Zhiqiang Que, Marcus Loo, Wayne Luk

Imperial College London, UK, {z.que, marcus.loo20, w.luk}@imperial.ac.uk

Abstract—This paper presents a novel reconfigurable architecture to accelerate Graph Neural Networks (GNNs) for JEDI-net, a jet identification algorithm in particle physics which achieves state-of-the-art accuracy. The challenge is to deploy JEDI-net for online selection targeting the Large Hadron Collider (LHC) experiments with low latency. This paper proposes custom strength reduction for matrix multiplication operations customised for the GNN-based JEDI-net, which avoids the costly multiplication of the adjacency matrix with the input feature matrix. It exploits sparsity patterns and binary adjacency matrices to increase hardware efficiency while reducing latency. The throughput is further enhanced by a coarse-grained pipeline enabled by adopting column-major order data layout. Evaluation results show that our FPGA implementation is 11 times faster and consumes 12 times lower power than a GPU implementation. Moreover, the throughput of our FPGA design is sufficiently high to enable deployment of JEDI-net in a sub-microsecond, realtime collider trigger system, enabling it to benefit from improved accuracy.

# I. INTRODUCTION

Graph neural networks (GNNs) have been explored and shown excellent performance for particle physics applications, such as jet identification (tagging) [1], charged particle tracking [2, 3], and calorimeter energy measurements [4]. Jet identification, which identifies the nature of the particle that initiated a given collimated cascade, is an important but challenging problem at the CERN Large Hadron Collider (LHC). It identifies all-hadronic decays of high-momentum heavy particles produced at the LHC and distinguishes them from ordinary jets originating from the hadronization of quarks and gluons. [1] proposes JEDI-net, a GNN-based network, which achieves state-of-the-art accuracy on jet identification. It can process the list of jet constituent features directly without assuming specific properties of the underlying detector geometry, and it is insensitive to the order of the input jet constituents, showing many advantages for the LHC experiments.

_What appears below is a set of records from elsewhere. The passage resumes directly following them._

lemma rows_heights_gamma_blocks:
  fixes n :: nat and lam :: "nat \<Rightarrow> real"
  defines "s0 \<equiv> (pi_top n, pi_bot n, lam)"
  assumes n: "even n" "4 \<le> n"
    and path: "\<And>k m. m < length (gamma n (a (Suc k)) (c (Suc k))) \<Longrightarrow>
        rauzy_type ((rauzy_step ^^ (nsteps n a c k + m)) s0) = Some (gamma n (a (Suc k)) (c (Suc k)) ! m)"
  shows "rows_heights s0 (nsteps n a c k) = (pi_top n, pi_bot n, heights s0 (nsteps n a c k)) \<and>
    (\<forall>i\<in>{1..n}. real (heights s0 (nsteps n a c k) i) = (\<Sum>r=1..n. thprod n (\<lambda>l. Theta n (a l) (c l)) 0 k r i))"
proof (induction k)
  case 0
  then show ?case by (auto simp: rows_heights_def s0_def idmat_def)
next
  case (Suc k)
  define H where "H = heights s0 (nsteps n a c k)"
  have "rows_heights s0 (nsteps n a c (Suc k))
      = fold rauzy_move (gamma n (a (Suc k)) (c (Suc k))) (rows_heights s0 (nsteps n a c k))"
    unfolding nsteps_Suc by (rule rows_heights_fold) (rule path)
  also have "\<dots> = (pi_top n, pi_bot n, gamma_heights n (a (Suc k)) (c (Suc k)) H)"
    using Suc.IH fold_gamma[OF n] by (simp add: H_def)
  finally have rows: "rows_heights s0 (nsteps n a c (Suc k)) = (pi_top n, pi_bot n, gamma_heights n (a (Suc k)) (c (Suc k)) H)" .
  have "real (gamma_heights n (a (Suc k)) (c (Suc k)) H i)
      = (\<Sum>r=1..n. thprod n (\<lambda>l. Theta n (a l) (c l)) 0 (Suc k) r i)" if "i \<in> {1..n}" for i
  proof -
    have "real (gamma_heights n (a (Suc k)) (c (Suc k)) H i)
        = (\<Sum>r=1..n. real (H r) * Theta n (a (Suc k)) (c (Suc k)) r i)"
      using gamma_heights_Theta[OF n that] .
    also have "\<dots> = (\<Sum>r=1..n. (\<Sum>t=1..n. thprod n (\<lambda>l. Theta n (a l) (c l)) 0 k t r)
        * Theta n (a (Suc k)) (c (Suc k)) r i)"
      using Suc.IH by (intro sum.cong) (auto simp: H_def)
    finally show ?thesis by (simp only: thprod_column_sum_Suc)
  qed
  with rows show ?case by (simp add: rows_heights_def)
qed

lemma gamma_path_tower:
  fixes n :: nat and lam :: "nat \<Rightarrow> real"
  defines "s0 \<equiv> (pi_top n, pi_bot n, lam)"
  assumes n: "even n" "4 \<le> n"
    and lam_pos: "\<And>t. t \<in> {1..n} \<Longrightarrow> lam t > 0" and lam_sum: "(\<Sum>t=1..n. lam t) = 1"
    and path: "\<And>k m. m < length (gamma n (a (Suc k)) (c (Suc k))) \<Longrightarrow>
        rauzy_type ((rauzy_step ^^ (nsteps n a c k + m)) s0) = Some (gamma n (a (Suc k)) (c (Suc k)) ! m)"
  shows "rokhlin_tower (iet (pi_top n) (pi_bot n) lam) (subint ((rauzy_step ^^ N) s0))
      (state_iet ((rauzy_step ^^ N) s0)) (heights s0 N) {1..n}"
    and "t \<in> {1..n} \<Longrightarrow> subint ((rauzy_step ^^ N) s0) t \<subseteq> {0..<1}"
proof -
  have valid0: "valid_state {1..n} (pi_top n, pi_bot n, lam)"
    using valid_state_pi n lam_pos by simp
  have "{1..n} \<noteq> {}" using n by simp
  have types: "rauzy_type ((rauzy_step ^^ N') (pi_top n, pi_bot n, lam)) \<noteq> None" for N'
  proof -
    obtain k m where "N' = nsteps n a c k + m" "m < length (gamma n (a (Suc k)) (c (Suc k)))"
      using nsteps_decompose by blast
    then show ?thesis using path[of m k] by (simp add: s0_def)
  qed
  obtain tp bt lm where sN: "(rauzy_step ^^ N) s0 = (tp, bt, lm)" by (metis prod_cases3)
  note induction = rauzy_induction_tower[OF valid0 \<open>{1..n} \<noteq> {}\<close> types, of N]
    rauzy_induction_lengths_le[OF valid0 \<open>{1..n} \<noteq> {}\<close> types, of N]
  show "rokhlin_tower (iet (pi_top n) (pi_bot n) lam) (subint ((rauzy_step ^^ N) s0))
      (state_iet ((rauzy_step ^^ N) s0)) (heights s0 N) {1..n}"
    using induction(1) by (simp add: s0_def)
  have "sum lm {1..n} \<le> sum lam {1..n}"
    using induction(2) sN by (intro sum_mono) (simp add: s0_def)
  then show "subint ((rauzy_step ^^ N) s0) t \<subseteq> {0..<1}" if "t \<in> {1..n}"
    using valid_state_subint_subset[of "{1..n}" tp bt lm t] induction(1) sN that lam_sum
    by (auto simp: s0_def)
qed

However, JEDI-net requires very large amounts of computation and suffers from large inference latency [1], which makes its use problematic for real-time deployment on typical level 1 and high level trigger environments. This work proposes several optimizations to accelerate the GNN-based JEDI-net using high-level synthesis (HLS) on FPGAs. First, we propose custom strength reduction for matrix operations based on the characters of the JEDI-net, which avoids the expensive matrix multiplications of the adjacency matrix with the input feature matrix. It largely reduces the computation cost of JEDI-net and boosts the design throughput since the adjacency matrix is very large and matrix multiplication is costly. Second, we propose to adopt a column-major order instead of a conventional rowmajor order for the data layout of the intermediate results traversed along the hardware datapath, which benefits the computation of JEDI-net. It enables a coarse-grained pipeline with a low initiation interval (II) to improve the design throughput. With both of the above optimizations, our FPGA implementation of JEDI-net achieves a sub-microsecond initiation interval, which makes the model deployable at the collider trigger system that has strict latency constraints, while enabling the system to benefit from improved accuracy.

To the best of our knowledge, this is the first FPGA design of a GNN-based JEDI-net for jet identification in particle physics experiments. This work would help improve the performance of next-generation collider trigger systems capable of highly accurate jet identification.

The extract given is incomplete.